NullableGuid.FromDatabase(Value as Object) As Guid

  

NullableGuid.FromUserInput(Value as String) AS Guid

I intended to create all of the new classes and methods, mark the old ones obsolete, and correct all of the existing code by hand. This would force me into doing some pretty thorough code reviews, and we just wrapped up development on a major release, so that would be good. I estimate that about 30% of our usage of the methods is incorrect, leaving tons of bugs waiting to pop up. It would be awesome to clean that stuff up as part of this release.
(30% is a VERY pessimistic estimate. It could very well be 3%, but I wanted to be prepared for the worst.)

To get an idea of how much work I was getting into, I went ahead and marked everything as obsolete Thursday afternoon. I guessed that it would create about 7000 build errors. A coworker guessed 10,000. Well, it ended up being nearly 13,000 errors. When I left work Thursday, I still had it in my head that I'd find a way to update all of that code by hand, and here's why...

If the old method of IsNullGuid is being used incorrectly, and I replace that method with NullableGuid.FromDatabase, a global search and replace would translate to the new code, but it would leave all of the usage as is, and we'd still have the same error rate--only new code would benefit, leaving the million lines of existing code the same. That won't do.

Frankly though, I knew there must be a better way. I really shouldn't have to update 13,000 lines of code by hand to clean this up. Besides, that level of monotony would surely lead to oversights and even more problems. I need this to be 100% accurate and I cannot introduce any issues.

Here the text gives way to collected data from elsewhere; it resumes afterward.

lemma css_state_add_dual:
  assumes "c \<in> dual_code C2"
  shows "css_state C2 (c + w) = css_state C2 w"
proof -
  have "(\<Sum>c'\<in>dual_code C2. ket (c' + (c + w))) = (\<Sum>c'\<in>dual_code C2. ket (c' + w))"
    using linear_code_dual_code[of C2] assms unfolding linear_code_def
    by (intro sum.reindex_bij_witness[where j = "\<lambda>c'. c' + c" and i = "\<lambda>c'. c' - c"])
       (auto simp: add.assoc intro: fspace.subspace_add fspace.subspace_diff)
  then show ?thesis
    by (simp add: css_state_def)
qed

locale css_encoder =
  fixes C1 C2 :: "('n::finite \<Rightarrow> 'a::{finite,field}) set" and P S :: "'n set"
  assumes lin1: "linear_code C1"
    and dual_subset: "dual_code C2 \<subseteq> C1"
    and info_P: "info_set (dual_code C2) P"
    and P_subset: "P \<subseteq> S"
    and info_S: "info_set C1 S"
begin

abbreviation D where "D \<equiv> dual_code C2"

definition I where "I = S - P"

definition encode_word :: "('n \<Rightarrow> 'a) \<Rightarrow> ('n \<Rightarrow> 'a)" where
  "encode_word b = (\<Sum>i\<in>I. fscale (b i) (sys_gen C1 S i))"

definition encoder :: "('n, 'a) gate list" where
  "encoder = map FourierG (distinct_list_of P)
     @ pivot_layer (sys_gen C1 S) (distinct_list_of (- S)) (distinct_list_of I)
     @ pivot_layer (sys_gen D P) (distinct_list_of (- P)) (distinct_list_of P)"

lemma free_P: "free_coords D P" and free_S: "free_coords C1 S"
  using info_P info_S by (simp_all add: info_set_def)

lemma I_subset: "I \<subseteq> S" and I_disjoint: "I \<inter> P = {}"
  by (auto simp: I_def)

lemma wf_encoder: "\<forall>g\<in>set encoder. wf_gate g"
proof -
  have "\<forall>g\<in>set (pivot_layer (sys_gen C1 S) (distinct_list_of (- S)) (distinct_list_of I)). wf_gate g"
    using I_subset by (intro wf_pivot_layer) (auto simp: set_distinct_list_of)
  moreover have "\<forall>g\<in>set (pivot_layer (sys_gen D P) (distinct_list_of (- P)) (distinct_list_of P)). wf_gate g"
    by (intro wf_pivot_layer) (auto simp: set_distinct_list_of)
  ultimately show ?thesis
    by (auto simp: encoder_def)
qed

lemma encode_word_mem: "encode_word b \<in> C1"
  unfolding encode_word_def by (intro linear_code_sum_mem[OF lin1] sys_gen_mem[OF free_S])

lemma encode_word_on_S: "t \<in> S \<Longrightarrow> encode_word b t = (if t \<in> I then b t else 0)"
  unfolding encode_word_def using free_S I_subset by (rule sum_sys_gen_apply)

lemma fold_basis_map_pivot_layers:
  assumes b: "b \<in> supported_on I" and a: "a \<in> supported_on P"
  shows "fold basis_map (pivot_layer (sys_gen C1 S) (distinct_list_of (- S)) (distinct_list_of I)
           @ pivot_layer (sys_gen D P) (distinct_list_of (- P)) (distinct_list_of P)) (b + a) =
         encode_word b + (\<Sum>p\<in>P. fscale (a p) (sys_gen D P p))"
proof -
  have "fold basis_map (pivot_layer (sys_gen C1 S) (distinct_list_of (- S)) (distinct_list_of I)) (a + b) =
        a + encode_word b"
    unfolding encode_word_def
    using I_subset I_disjoint a b sys_gen_on_coords[OF free_S]
    by (subst fold_basis_map_pivot_layer_systematic[where Z = S])
       (auto simp: set_distinct_list_of distinct_distinct_list_of supported_on_def)
  moreover have "encode_word b t = 0" if "t \<in> P" for t
  proof -
    have "t \<in> S" "t \<notin> I"
      using that P_subset I_disjoint by auto
    then show ?thesis by (simp add: encode_word_on_S)
  qed
  moreover have "fold basis_map (pivot_layer (sys_gen D P) (distinct_list_of (- P)) (distinct_list_of P))
                   (encode_word b + a) = encode_word b + (\<Sum>p\<in>P. fscale (a p) (sys_gen D P p))"
    using a sys_gen_on_coords[OF free_P] \<open>\<And>t. t \<in> P \<Longrightarrow> encode_word b t = 0\<close>
    by (subst fold_basis_map_pivot_layer_systematic[where Z = P])
       (auto simp: set_distinct_list_of distinct_distinct_list_of)
  ultimately show ?thesis
    by (simp add: add.commute)
qed

lemma card_dual_code: "card D = CARD('a) ^ card P"
  using bij_betw_same_card[OF bij_betw_supported_on_code[OF linear_code_dual_code info_P]]
  by (simp add: card_supported_on)

lemma circuit_op_encoder_ket:
  assumes b: "b \<in> supported_on I"
  shows "circuit_op encoder (ket b) = css_state C2 (encode_word b)"
proof -
  let ?ps = "distinct_list_of P"
  let ?layers = "pivot_layer (sys_gen C1 S) (distinct_list_of (- S)) (distinct_list_of I)
                 @ pivot_layer (sys_gen D P) (distinct_list_of (- P)) ?ps"
  let ?\<kappa> = "1 / complex_of_real (sqrt (real (CARD('a) ^ card P)))"
  have "\<forall>p\<in>set ?ps. b p = 0"
    using b I_disjoint by (auto simp: set_distinct_list_of supported_on_def)
  moreover have "length ?ps = card P"
    using distinct_card[OF distinct_distinct_list_of[of P]] by (simp add: set_distinct_list_of)
  ultimately have "circuit_op (map FourierG ?ps) (ket b) = cscale ?\<kappa> (\<Sum>a\<in>supported_on P. ket (b + a))"
    using circuit_op_Fourier_layer[of ?ps b] distinct_distinct_list_of[of P]
    by (simp add: set_distinct_list_of)
  moreover have "circuit_op ?layers (ket (b + a)) = ket (encode_word b + (\<Sum>p\<in>P. fscale (a p) (sys_gen D P p)))"
    if "a \<in> supported_on P" for a
  proof -
    have "\<forall>g\<in>set ?layers. \<not> is_fourier g"
      using not_is_fourier_pivot_layer by auto
    then show ?thesis
      using fold_basis_map_pivot_layers[OF b that] by (simp only: circuit_op_ket_basis_map)
  qed
  ultimately have "circuit_op encoder (ket b) =
      cscale ?\<kappa> (\<Sum>a\<in>supported_on P. ket ((\<Sum>p\<in>P. fscale (a p) (sys_gen D P p)) + encode_word b))"
    by (simp add: encoder_def circuit_op_append circuit_op_cscale circuit_op_sum add.commute)
  also have "\<dots> = cscale ?\<kappa> (\<Sum>c\<in>D. ket (c + encode_word b))"
    using sum.reindex_bij_betw[OF bij_betw_supported_on_code[OF linear_code_dual_code info_P]] by simp
  finally show ?thesis
    by (simp add: css_state_def card_dual_code)
qed

lemma C1_decomposition:
  assumes "w \<in> C1"
  obtains c b where "c \<in> D" "b \<in> supported_on I" "w = c + encode_word b"
proof -
  define c where "c = (\<Sum>p\<in>P. fscale (w p) (sys_gen D P p))"
  have "c \<in> D"
    unfolding c_def by (intro linear_code_sum_mem[OF linear_code_dual_code] sys_gen_mem[OF free_P])
  define b where "b j = (if j \<in> I then w j - c j else 0)" for j
  have "b \<in> supported_on I"
    by (simp add: supported_on_def b_def)
  have "c t = w t" if "t \<in> P" for t
    unfolding c_def using free_P that by (simp add: sum_sys_gen_apply)
  then have "encode_word b = w - c"
    using lin1 assms \<open>c \<in> D\<close> dual_subset
    by (intro info_set_eqI[OF lin1 info_S encode_word_mem])
       (auto simp: encode_word_on_S b_def I_def linear_code_def intro: fspace.subspace_diff)
  then show ?thesis
    using that \<open>c \<in> D\<close> \<open>b \<in> supported_on I\<close> by simp
qed

lemma circuit_op_encoder_image:
  "circuit_op encoder ` qspan (ket ` supported_on I) = css_code C1 C2"
proof -
  have "circuit_op encoder ` ket ` supported_on I = css_state C2 ` C1"
  proof
    show "circuit_op encoder ` ket ` supported_on I \<subseteq> css_state C2 ` C1"
      using circuit_op_encoder_ket encode_word_mem by auto
    show "css_state C2 ` C1 \<subseteq> circuit_op encoder ` ket ` supported_on I"
    proof
      fix \<psi> assume "\<psi> \<in> css_state C2 ` C1"
      then obtain w where "w \<in> C1" "\<psi> = css_state C2 w" by auto
      moreover obtain c b where "c \<in> D" "b \<in> supported_on I" "w = c + encode_word b"
        using C1_decomposition[OF \<open>w \<in> C1\<close>] .
      ultimately have "\<psi> = circuit_op encoder (ket b)"
        by (simp add: css_state_add_dual circuit_op_encoder_ket)
      then show "\<psi> \<in> circuit_op encoder ` ket ` supported_on I"
        using \<open>b \<in> supported_on I\<close> by blast
    qed
  qed
  then show ?thesis
    unfolding qspan_def css_code_def
    using module_hom.span_image[OF linear_circuit_op[folded module_hom_iff_linear]] by metis
qed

Friday morning, on my way in to work, I thought it through again and realized that I don't need to have 2 separate methods for FromDatabase and FromUserInput. With each of the data types getting its own class (e.g. NullableGuid), I can overload the heck out of things, and make the routines much more intelligent. I can simply create NullableGuid.From with a few different overloads. Then I can replace all instances of IsNullGuid as well as IsStringEmptyGuid with NullableGuid.From.

If NullableGuid.From is implemented correctly, it will handle every possible scenario of data handed into it. This would allow me to use a global search and replace, putting NullableGuid.From in everywhere, and it will always be right. It will be impossible to get it wrong, so long as NullableGuid.From is bullet-proof. Instead of fixing 13,000 lines of code by hand, I'll just need to execute a couple dozen search and replaces. These thoughts made for an exciting drive into work.

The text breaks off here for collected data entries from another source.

lemma nbrs_blue_subset:
  assumes "b \<in> B" shows "nbrs E b \<subseteq> R"
proof
  fix u assume "u \<in> nbrs E b"
  then obtain r b' where "{b, u} = {r, b'}" "r \<in> R" "b' \<in> B"
    using bip by (auto simp: nbrs_def)
  then show "u \<in> R"
    using assms disj by (auto simp: doubleton_eq_iff)
qed

lemma nbrs_red_subset:
  assumes "r \<in> R" shows "nbrs E r \<subseteq> B"
proof
  fix u assume "u \<in> nbrs E r"
  then obtain r' b where "{r, u} = {r', b}" "r' \<in> R" "b \<in> B"
    using bip by (auto simp: nbrs_def)
  then show "u \<in> B"
    using assms disj by (auto simp: doubleton_eq_iff)
qed

lemma weight_rank_antimono:
  assumes "b \<in> B" "x \<in> nbrs E b" "y \<in> nbrs E b" "rank b x \<le> rank b y"
  shows "w {b, y} \<le> w {b, x}"
proof (cases "x = y")
  case False
  then have "rank b x \<noteq> rank b y"
    using linpref assms by (meson UnI2 inj_onD)
  then have "prefers rank b x y"
    using assms(4) by (simp add: prefers_def)
  then show ?thesis
    using wresp assms by blast
qed simp

definition invariant :: "'v gs_state \<Rightarrow> bool" where
  "invariant s \<longleftrightarrow>
     (\<forall>r. r \<notin> R \<longrightarrow> Cr s r = [] \<and> cr s r = None \<and> pr s r = None) \<and>
     (\<forall>r\<in>R. set (Cr s r) \<subseteq> nbrs E r) \<and>
     (\<forall>r b. cr s r = Some b \<longrightarrow> b \<in> set (Cr s r) \<and> pr s r = None) \<and>
     (\<forall>b r. pB s b = Some r \<longrightarrow> b \<in> B \<and> r \<in> R \<and> b \<in> set (Cr s r) \<and> pr s r = Some b)"

lemma invariant_init: "invariant (gs_init E R rank)"
proof -
  have "set (sorted_key_list_of_set (rank r) (nbrs E r)) = nbrs E r" if "r \<in> R" for r
    using linpref that nbrs_red_subset[OF that] finB
    by (intro set_sorted_key_list_of_set_inj_on) (auto intro: finite_subset)
  then show ?thesis
    by (auto simp: invariant_def gs_init_def)
qed

lemma offer_set_subset_nbrs:
  assumes "invariant s"
  shows "proposers R s b \<union> set_option (pB s b) \<subseteq> nbrs E b"
  using assms by (fastforce simp: invariant_def proposers_def nbrs_sym)

lemma choice_best:
  assumes I: "invariant s" and b: "b \<in> B" and P: "proposers R s b \<union> set_option (pB s b) \<noteq> {}"
  shows "choice R rank s b \<in> proposers R s b \<union> set_option (pB s b)"
    and "x \<in> proposers R s b \<union> set_option (pB s b) \<Longrightarrow> rank b (choice R rank s b) \<le> rank b x"
proof -
  let ?Q = "proposers R s b \<union> set_option (pB s b)"
  have "finite ?Q"
    using finR by (auto simp: proposers_def intro: finite_subset)
  moreover have "inj_on (rank b) ?Q"
    using linpref b offer_set_subset_nbrs[OF I] by (meson UnI2 inj_on_subset)
  ultimately have "best rank b ?Q \<in> ?Q \<and> (\<forall>x\<in>?Q. rank b (best rank b ?Q) \<le> rank b x)"
    using P by (intro best_least)
  then show "choice R rank s b \<in> ?Q" "x \<in> ?Q \<Longrightarrow> rank b (choice R rank s b) \<le> rank b x"
    by (simp_all add: choice_def)
qed

lemma choice_weight_ge:
  assumes I: "invariant s" and b: "b \<in> B" and r: "r \<in> proposers R s b \<union> set_option (pB s b)"
  shows "w {b, r} \<le> w {b, choice R rank s b}"
proof (rule weight_rank_antimono[OF b])
  have ne: "proposers R s b \<union> set_option (pB s b) \<noteq> {}"
    using r by blast
  show "choice R rank s b \<in> nbrs E b"
    using choice_best(1)[OF I b ne] offer_set_subset_nbrs[OF I] by blast
  show "r \<in> nbrs E b"
    using r offer_set_subset_nbrs[OF I] by blast
  show "rank b (choice R rank s b) \<le> rank b r"
    using choice_best(2)[OF I b ne r] .
qed

lemma pB_round_choice:
  "b \<in> B \<Longrightarrow> proposers R s b \<noteq> {} \<Longrightarrow> pB (gs_round R B rank s) b = Some (choice R rank s b)"
  by (auto simp: gs_round_def blue_partner_def switches_def)

lemma Cr_red1_subset: "set (snd (red1 R B rank s r)) \<subseteq> set (Cr s r)"
  by (cases "cr s r") (auto simp: red1_def)

lemma Cr_red2_subset: "set (snd (red2 R B rank s r)) \<subseteq> set (Cr s r)"
proof -
  obtain p C where pC: "red1 R B rank s r = (p, C)"
    by fastforce
  have "set (snd (red2 R B rank s r)) \<subseteq> set C"
    by (cases p) (auto simp: red2_def pC)
  then show ?thesis
    using Cr_red1_subset[of s r] pC by auto
qed

lemma Cr_round_subset: "set (Cr (gs_round R B rank s) r) \<subseteq> set (Cr s r)"
  using Cr_red2_subset by (auto simp: gs_round_def)

lemma drop_from_Cr_cases:
  assumes "b \<in> set (Cr s r)" "b \<notin> set (snd (red2 R B rank s r))"
  shows "(cr s r = Some b \<and> msg_reject R B rank s b r) \<or> msg_break R B rank s b r"
proof -
  obtain p C where pC: "red1 R B rank s r = (p, C)"
    by fastforce
  have C: "b \<in> set C \<or> (cr s r = Some b \<and> msg_reject R B rank s b r)"
    using assms(1) pC by (cases "cr s r") (auto simp: red1_def split: if_splits)
  show ?thesis
  proof (cases p)
    case None
    then show ?thesis
      using C assms(2) by (simp add: red2_def pC)
  next
    case (Some b')
    then show ?thesis
      using C assms(2) by (auto simp: red2_def pC split: if_splits)
  qed
qed

lemma partner_round:
  assumes I: "invariant s" and h: "pB (gs_round R B rank s) b = Some r"
  shows "b \<in> B \<and> r \<in> R \<and> b \<in> set (Cr (gs_round R B rank s) r)
           \<and> pr (gs_round R B rank s) r = Some b"
proof (cases "b \<in> B \<and> switches R rank s b")
  case True
  then have r: "r = choice R rank s b" and ne: "pB s b \<noteq> Some r"
    and P: "proposers R s b \<noteq> {}"
    using h by (auto simp: gs_round_def blue_partner_def switches_def)
  then have "r \<in> proposers R s b"
    using choice_best(1)[OF I] P True by auto
  then have rR: "r \<in> R" and cr: "cr s r = Some b"
    by (auto simp: proposers_def)
  then have "b \<in> set (Cr s r)"
    using I by (auto simp: invariant_def)
  moreover have "red2 R B rank s r = (Some b, Cr s r)"
    using cr True r ne by (simp add: red2_def red1_def msg_accept_def msg_reject_def msg_break_def)
  ultimately show ?thesis
    using True rR by (simp add: gs_round_def)
next
  case False
  then have "pB s b = Some r"
    using h by (auto simp: gs_round_def blue_partner_def)
  then have bB: "b \<in> B" and rR: "r \<in> R" and bC: "b \<in> set (Cr s r)" and ps: "pr s r = Some b"
    using I by (auto simp: invariant_def)
  have "cr s r = None"
    using I ps by (cases "cr s r") (auto simp: invariant_def)
  then have "red2 R B rank s r = (Some b, Cr s r)"
    using False bB ps by (simp add: red2_def red1_def msg_break_def)
  then show ?thesis
    using bB rR bC by (simp add: gs_round_def)
qed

What I say next might surprise some of you; the ones that know me best anyway. The only person I've told this too was very surprised in fact.

I used a TDD approach to make these methods bullet-proof, and to ensure compatibility with the old methods.

I haven't previously used TDD techniques on this project, and I've stated that TDD would not work on this project, for many reasons. But for what I was doing, TDD made perfect sense today; it was an unordinary task for this project. Let's break it down to see why it was such a good fit.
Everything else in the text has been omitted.